I don’t tell that story to say McCain is anywhere near that stage. He is not, thankfully. I tell it to remind us that men and women of courage do things most people do not. As long as he is a United States senator, if there is a big vote that needs John McCain, I have little doubt he’ll be there for it. As a liberal, I may not like the vote, but anyone counting him out is foolish in the extreme.
For now, even though I sadly know better, I can only hope that what little humanity there is to a political party that would strip tens of millions of Americans of the care that McCain can rightfully count on, might think about looking into the eyes of a man they know so well, and so personally, and think again about denying Americans not so lucky to be in Congress, the kind of health plan they get, 80% of which is paid for by you and me.
As for McCain, he said he’s been through worse, and in his case, he actually has.

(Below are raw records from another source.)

lemma row_loop_reaches:
  assumes one: "M reg_one = 1" and regs: "p1 < 20" "lo1 < 20" "hi1 < 20" "p2 < 20" "lo2 < 20" "hi2 < 20"
    and far: "32 \<le> M p1" "32 \<le> M p2" and apart: "M p1 + M reg_k < M p2 \<or> M p2 + M reg_k < M p1"
    and bound: "M hi1 \<le> X" "M hi2 \<le> X"
  shows "reaches (row_loop p1 lo1 hi1 p2 lo2 hi2) M (\<lambda>M'.
      (\<forall>s \<le> M reg_k. M' (M p2 + s) = window_conv (\<lambda>t. M (M p1 + t)) (M lo1) (M hi1) s
                                     + window_conv (\<lambda>t. M (M p2 + t)) (M lo2) (M hi2) s)
    \<and> (\<forall>a. (a < 20 \<or> 26 < a) \<and> (a < M p2 \<or> M p2 + M reg_k < a) \<longrightarrow> M' a = M a))
    (2 + Suc (M reg_k) * (22 + 12 * X))"
proof -
  define k where "k = M reg_k"
  define Pa where "Pa = M p1"
  define Pb where "Pb = M p2"
  define new where "new s = window_conv (\<lambda>t. M (Pa + t)) (M lo1) (M hi1) s
                           + window_conv (\<lambda>t. M (Pb + t)) (M lo2) (M hi2) s" for s
  define I where "I q M' \<longleftrightarrow> M' reg_s = q \<and> q \<le> Suc k
      \<and> (\<forall>s \<le> k. M' (Pb + s) = (if q \<le> s then new s else M (Pb + s)))
      \<and> (\<forall>a. (a < 20 \<or> 26 < a) \<and> (a < Pb \<or> Pb + k < a) \<longrightarrow> M' a = M a)" for q M'
  have body: "reaches (row_step p1 lo1 hi1 p2 lo2 hi2) M' (I q) (20 + 12 * X)" if "I (Suc q) M'" for q M'
  proof -
    have q: "q \<le> k" "M' reg_s = Suc q"
      and row: "\<And>s. s \<le> k \<Longrightarrow> M' (Pb + s) = (if Suc q \<le> s then new s else M (Pb + s))"
      and frame: "\<And>a. (a < 20 \<or> 26 < a) \<and> (a < Pb \<or> Pb + k < a) \<Longrightarrow> M' a = M a"
      using that unfolding I_def by auto
    have low: "M' a = M a" if "a < 20" for a using that frame far unfolding Pb_def by auto
    have "window_conv (\<lambda>t. M' (Pa + t)) (M lo1) (M hi1) q = window_conv (\<lambda>t. M (Pa + t)) (M lo1) (M hi1) q"
      using q(1) apart far by (intro window_conv_cong frame) (auto simp: Pa_def Pb_def k_def)
    moreover have "window_conv (\<lambda>t. M' (Pb + t)) (M lo2) (M hi2) q = window_conv (\<lambda>t. M (Pb + t)) (M lo2) (M hi2) q"
      using q(1) row by (intro window_conv_cong) auto
    ultimately have step: "reaches (row_step p1 lo1 hi1 p2 lo2 hi2) M' (\<lambda>M''.
        M'' (Pb + q) = new q \<and> M'' reg_s = q \<and> (\<forall>a. (a < 20 \<or> 26 < a) \<and> a \<noteq> Pb + q \<longrightarrow> M'' a = M' a))
        (20 + 12 * X)"
      using row_step_reaches[of M' q p1 lo1 hi1 p2 lo2 hi2 X] q(2) one regs far bound
      by (simp add: low Pa_def Pb_def new_def)
    show ?thesis
    proof (rule reaches_conseq[OF step])
      fix M'' assume M'': "M'' (Pb + q) = new q \<and> M'' reg_s = q
          \<and> (\<forall>a. (a < 20 \<or> 26 < a) \<and> a \<noteq> Pb + q \<longrightarrow> M'' a = M' a)"
      have "M'' (Pb + s) = (if q \<le> s then new s else M (Pb + s))" if "s \<le> k" for s
        using M'' row[OF that] far by (cases "s = q") (auto simp: Pb_def)
      moreover have "M'' a = M a" if "(a < 20 \<or> 26 < a) \<and> (a < Pb \<or> Pb + k < a)" for a
        using that M'' frame q(1) by auto
      ultimately show "I q M''" using M'' q(1) unfolding I_def by auto
    qed
  qed
  have "reaches (While reg_s (row_step p1 lo1 hi1 p2 lo2 hi2)) (M(reg_s := Suc k)) (I 0)
      (Suc k * (20 + 12 * X + 2) + 1)"
    by (rule reaches_While[where I = I, OF body]) (use far in \<open>auto simp: I_def Pb_def\<close>)
  then have "reaches (row_loop p1 lo1 hi1 p2 lo2 hi2) M (I 0) (Suc (Suc k * (20 + 12 * X + 2) + 1))"
    unfolding row_loop_def using one by (intro reaches_Instr_Seq) (simp add: k_def)
  then show ?thesis
    by (rule reaches_mono[OF reaches_conseq]) (auto simp: I_def new_def k_def Pa_def Pb_def)
qed

section \<open>The table program\<close>

definition mahonian_step :: com where
  "mahonian_step = Instr (Sub reg_count reg_count reg_one) ;; Instr (Add reg_n reg_n reg_one) ;;
     row_loop reg_src reg_lo reg_hi reg_dst reg_zero reg_n"

text \<open>Row 0 is built in place; the first window is empty, so row 1 is only a dummy source.\<close>
definition mahonian_phase :: com where
  "mahonian_phase = Instr (Const reg_one 1) ;; Instr (Add reg_width reg_k reg_one) ;;
     Instr (Const reg_dst 32) ;; Instr (Store reg_dst reg_one) ;; Instr (Add reg_src reg_dst reg_width) ;;
     Instr (Const reg_lo 0) ;; Instr (Const reg_hi 0) ;; Instr (Const reg_zero 0) ;;
     Instr (Add reg_n0 reg_m reg_one) ;; Instr (Sub reg_n0 reg_n0 reg_i) ;;
     Instr (Sub reg_count reg_n0 reg_one) ;; Instr (Const reg_n 0) ;;
     While reg_count mahonian_step"

definition init_step :: com where
  "init_step = Instr (Sub reg_count reg_count reg_one) ;; Instr (Add reg_lo reg_row reg_zero) ;;
     Instr (Add reg_row reg_row reg_one) ;; Instr (Add reg_dst reg_dst reg_width) ;;
     row_loop reg_src reg_lo reg_row reg_dst reg_zero reg_zero"

definition init_phase :: com where
  "init_phase = Instr (Const reg_src 32) ;; Instr (Const reg_row 0) ;; Instr (Add reg_count reg_j reg_zero) ;;
     While reg_count init_step"

definition update_step :: com where
  "update_step = Instr (Sub reg_src reg_dst reg_width) ;; Instr (Sub reg_hi reg_row reg_one) ;;
     row_loop reg_src reg_lo reg_hi reg_dst reg_row reg_n ;;
     Instr (Sub reg_row reg_row reg_one) ;; Instr (Add reg_dst reg_src reg_zero)"

definition layer_step :: com where
  "layer_step = Instr (Sub reg_count reg_count reg_one) ;; Instr (Add reg_n reg_n reg_one) ;;
     Instr (Add reg_row reg_j reg_zero) ;; Instr (Add reg_dst reg_target reg_zero) ;;
     While reg_row update_step"

definition layer_phase :: com where
  "layer_phase = Instr (Add reg_n reg_n0 reg_zero) ;; Instr (Add reg_target reg_dst reg_zero) ;;
     Instr (Sub reg_count reg_m reg_n0) ;; Instr (Const reg_lo 0) ;;
     While reg_count layer_step"

definition output_cell :: com where
  "output_cell = Instr (Add reg_tmp reg_target reg_k) ;; Instr (Load reg_m reg_tmp)"

definition main_prog :: com where
  "main_prog = mahonian_phase ;; init_phase ;; layer_phase ;; output_cell"

lemma time_poly_bound:
  fixes X a b c :: nat
  assumes "1 \<le> X" "a \<le> X" "b \<le> X" "c \<le> X"
  shows "13 + a * (36 * X ^ 3 + 4) + (4 + b * (36 * X ^ 3 + 6) + (5 + c * (7 + b * (36 * X ^ 3 + 6)) + 2))
    \<le> 200 * X ^ 5"
proof -
  have pow: "X ^ e \<le> X ^ 5" if "e \<le> 5" for e
    using power_increasing[OF that, of X] assms(1) by simp
  have a: "a * (36 * X ^ 3 + 4) \<le> X * (36 * X ^ 3 + 4)" and b: "b * (36 * X ^ 3 + 6) \<le> X * (36 * X ^ 3 + 6)"
    using assms by (intro mult_right_mono; simp)+
  moreover have "c * (7 + b * (36 * X ^ 3 + 6)) \<le> X * (7 + X * (36 * X ^ 3 + 6))"
    using assms b by (intro mult_mono) simp_all
  ultimately have "13 + a * (36 * X ^ 3 + 4) + (4 + b * (36 * X ^ 3 + 6) + (5 + c * (7 + b * (36 * X ^ 3 + 6)) + 2))
      \<le> 24 + X * (36 * X ^ 3 + 4) + X * (36 * X ^ 3 + 6) + X * (7 + X * (36 * X ^ 3 + 6))"
    by linarith
  also have "\<dots> = 24 + 17 * X + 6 * X ^ 2 + 72 * X ^ 4 + 36 * X ^ 5"
    by (simp add: algebra_simps eval_nat_numeral)
  also have "\<dots> \<le> 200 * X ^ 5"
    using pow[of 0] pow[of 1] pow[of 2] pow[of 4] by simp
  finally show ?thesis .
qed

lemma row_cell_less:
  assumes "\<rho> < \<rho>'" "s \<le> k"
  shows "\<rho> * Suc k + s < \<rho>' * Suc k"
proof -
  have "\<rho> * Suc k + s < Suc \<rho> * Suc k" using assms(2) by simp
  also have "\<dots> \<le> \<rho>' * Suc k" using assms(1) by (intro mult_right_mono) auto
  finally show ?thesis .
qed

text \<open>Row \<open>\<rho>\<close> of the table occupies the cells \<open>32 + \<rho> (k + 1) + s\<close>, \<open>s \<le> k\<close>. With
  \<open>n0 = m - (i - 1)\<close>, row 0 first receives \<open>mahonian (n0 - 1)\<close>; then in layer \<open>t = 0, \<dots>, i - 1\<close>
  row \<open>\<rho> \<in> {1..j}\<close> holds \<open>mahonian_pos (n0 + t) (\<rho> - 1) t\<close>, so that cell \<open>k\<close> of row \<open>j\<close> ends up
  holding \<open>T m k j i\<close>.\<close>
locale table_input =
  fixes m k j i :: nat
  assumes k_le: "k \<le> m * (m - 1) div 2" and j_range: "j \<in> {1..m}" and i_range: "i \<in> {1..m}"
begin

abbreviation n0 :: nat where "n0 \<equiv> Suc m - i"

abbreviation row_time :: nat where "row_time \<equiv> 36 * Suc m ^ 3"

definition fixed_regs :: "(nat \<Rightarrow> nat) \<Rightarrow> bool" where
  "fixed_regs M \<longleftrightarrow> M reg_m = m \<and> M reg_k = k \<and> M reg_j = j \<and> M reg_i = i \<and> M reg_one = 1
     \<and> M reg_width = Suc k \<and> M reg_n0 = n0 \<and> M reg_zero = 0"

definition row_is :: "(nat \<Rightarrow> nat) \<Rightarrow> nat \<Rightarrow> (nat \<Rightarrow> nat) \<Rightarrow> bool" where
  "row_is M \<rho> f \<longleftrightarrow> (\<forall>s \<le> k. M (32 + \<rho> * Suc k + s) = f s)"

lemma fixed_regs_fun_upd [simp]:
  "a \<notin> {reg_m, reg_k, reg_j, reg_i, reg_one, reg_width, reg_n0, reg_zero} \<Longrightarrow>
    fixed_regs (M(a := v)) \<longleftrightarrow> fixed_regs M"
  unfolding fixed_regs_def by auto

lemma fixed_regs_frame: "fixed_regs M \<Longrightarrow> \<forall>a<20. M' a = M a \<Longrightarrow> fixed_regs M'"
  unfolding fixed_regs_def by simp

lemma row_is_fun_upd [simp]: "a < 32 \<Longrightarrow> row_is (M(a := v)) \<rho> f \<longleftrightarrow> row_is M \<rho> f"
  unfolding row_is_def by auto

lemma row_is_self: "row_is M \<rho> (\<lambda>s. M (32 + \<rho> * Suc k + s))"
  unfolding row_is_def by simp

lemma window_conv_row:
  "row_is M \<rho> f \<Longrightarrow> s \<le> k \<Longrightarrow> window_conv (\<lambda>t. M (32 + \<rho> * Suc k + t)) lo hi s = window_conv f lo hi s"
  unfolding row_is_def by (intro window_conv_cong) auto

lemma row_time_bound: "2 + Suc k * (22 + 12 * Suc m) \<le> row_time"
proof -
  have "k \<le> m * (m - 1)" using k_le div_le_dividend le_trans by blast
  also have "\<dots> \<le> m * m" by simp
  finally have "Suc k \<le> Suc m * Suc m" by simp
  then have "2 + Suc k * (22 + 12 * Suc m) \<le> 2 + Suc m * Suc m * (22 + 12 * Suc m)"
    by (intro add_left_mono mult_right_mono) auto
  also have "\<dots> \<le> row_time"
    by (simp add: power3_eq_cube algebra_simps)
  finally show ?thesis .
qed

lemma row_loop_table:
  assumes fixed: "fixed_regs M" and regs: "p1 < 20" "lo1 < 20" "hi1 < 20" "p2 < 20" "lo2 < 20" "hi2 < 20"
    and rows: "M p1 = 32 + r1 * Suc k" "M p2 = 32 + r2 * Suc k" "r1 \<noteq> r2"
    and bound: "M hi1 \<le> Suc m" "M hi2 \<le> Suc m"
    and f: "row_is M r1 f1" "row_is M r2 f2"
  shows "reaches (row_loop p1 lo1 hi1 p2 lo2 hi2) M (\<lambda>M'. (\<forall>a<20. M' a = M a)
     \<and> (\<forall>\<rho> f. \<rho> \<noteq> r2 \<longrightarrow> row_is M \<rho> f \<longrightarrow> row_is M' \<rho> f)
     \<and> row_is M' r2 (\<lambda>s. window_conv f1 (M lo1) (M hi1) s + window_conv f2 (M lo2) (M hi2) s)) row_time"
proof -
  have regs': "M reg_k = k" "M reg_one = 1" using fixed unfolding fixed_regs_def by auto
  have apart: "M p1 + M reg_k < M p2 \<or> M p2 + M reg_k < M p1"
    using rows regs' row_cell_less[of r1 r2 k k] row_cell_less[of r2 r1 k k] by (cases "r1 < r2") auto
  have outside: "32 + \<rho> * Suc k + s < M p2 \<or> M p2 + M reg_k < 32 + \<rho> * Suc k + s"
    if "\<rho> \<noteq> r2" "s \<le> k" for \<rho> s
    using that rows regs' row_cell_less[of \<rho> r2 s k] row_cell_less[of r2 \<rho> k k] by (cases "\<rho> < r2") auto
  show ?thesis
  proof (rule reaches_mono[OF reaches_conseq[OF row_loop_reaches[OF regs'(2) regs _ _ apart bound]]])
    show "32 \<le> M p1" "32 \<le> M p2" using rows by auto
    show "2 + Suc (M reg_k) * (22 + 12 * Suc m) \<le> row_time" using row_time_bound regs' by simp
  next
    fix M' assume post: "(\<forall>s \<le> M reg_k. M' (M p2 + s) = window_conv (\<lambda>t. M (M p1 + t)) (M lo1) (M hi1) s
        + window_conv (\<lambda>t. M (M p2 + t)) (M lo2) (M hi2) s)
      \<and> (\<forall>a. (a < 20 \<or> 26 < a) \<and> (a < M p2 \<or> M p2 + M reg_k < a) \<longrightarrow> M' a = M a)"
    have "\<forall>a<20. M' a = M a" using post rows by simp
    moreover have "row_is M' \<rho> f" if "\<rho> \<noteq> r2" "row_is M \<rho> f" for \<rho> f
      using that post outside[OF that(1)] unfolding row_is_def by auto
    moreover have "row_is M' r2 (\<lambda>s. window_conv f1 (M lo1) (M hi1) s + window_conv f2 (M lo2) (M hi2) s)"
      using post rows regs' window_conv_row[OF f(1)] window_conv_row[OF f(2)]
      unfolding row_is_def by (simp add: add.assoc)
    ultimately show "(\<forall>a<20. M' a = M a) \<and> (\<forall>\<rho> f. \<rho> \<noteq> r2 \<longrightarrow> row_is M \<rho> f \<longrightarrow> row_is M' \<rho> f)
      \<and> row_is M' r2 (\<lambda>s. window_conv f1 (M lo1) (M hi1) s + window_conv f2 (M lo2) (M hi2) s)"
      by blast
  qed
qed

He may even feel fighting for his life at 80, beats the hell out of fighting for his life at 31 when he was shot down after almost dying just weeks before in the fire aboard the USS Forrestal, a fire that killed 134 others and left 161 injured.
President Obama said: John McCain is an American hero & one of the bravest fighters I’ve ever known. Cancer doesn’t know what it’s up against. Give it hell, John.
President Trump who when McCain was first hospitalized called him a crusty presence in Washington said he should get well soon.
Whatever. Right now, politics is on hold. Or I hope it is. Wishful thinking, I know, but I’m doing more of that than ever these days..
Finally a note; Donald Trump said if he had known Jeff Sessions would recuse himself from the Russian investigation he never would have picked him. He then made it clear he thinks Deputy AG Rod Rosenstein is a liberal because how many conservative Republicans there are in Baltimore. Weirdly, I can answer that because my longtime friend whose wife just passed this week, was the Republican candidate for mayor in Baltimore. NO, he did not win, but I could ask how many conservative Republicans are there in New York city, especially those who in the past have supported the Clintons? Makes as much sense, but if that’s a reason for claiming Rosenstein is a phony, then Trump, by his kinda sorta logic, is suspect as well. As for regretting Sessions because he properly took steps to make sure no one doubted the integrity of a Justice Department investigation, it shows Trump still thinks his cabinet is there to serve him personally and not the people of the united states. Donald, you have your own lawyer. Lots of them. They’ll tell you the last thing you should be doing is talking about the investigation to anyone other than them, especially the NY Times, but you’ve never been one to take advice, have you?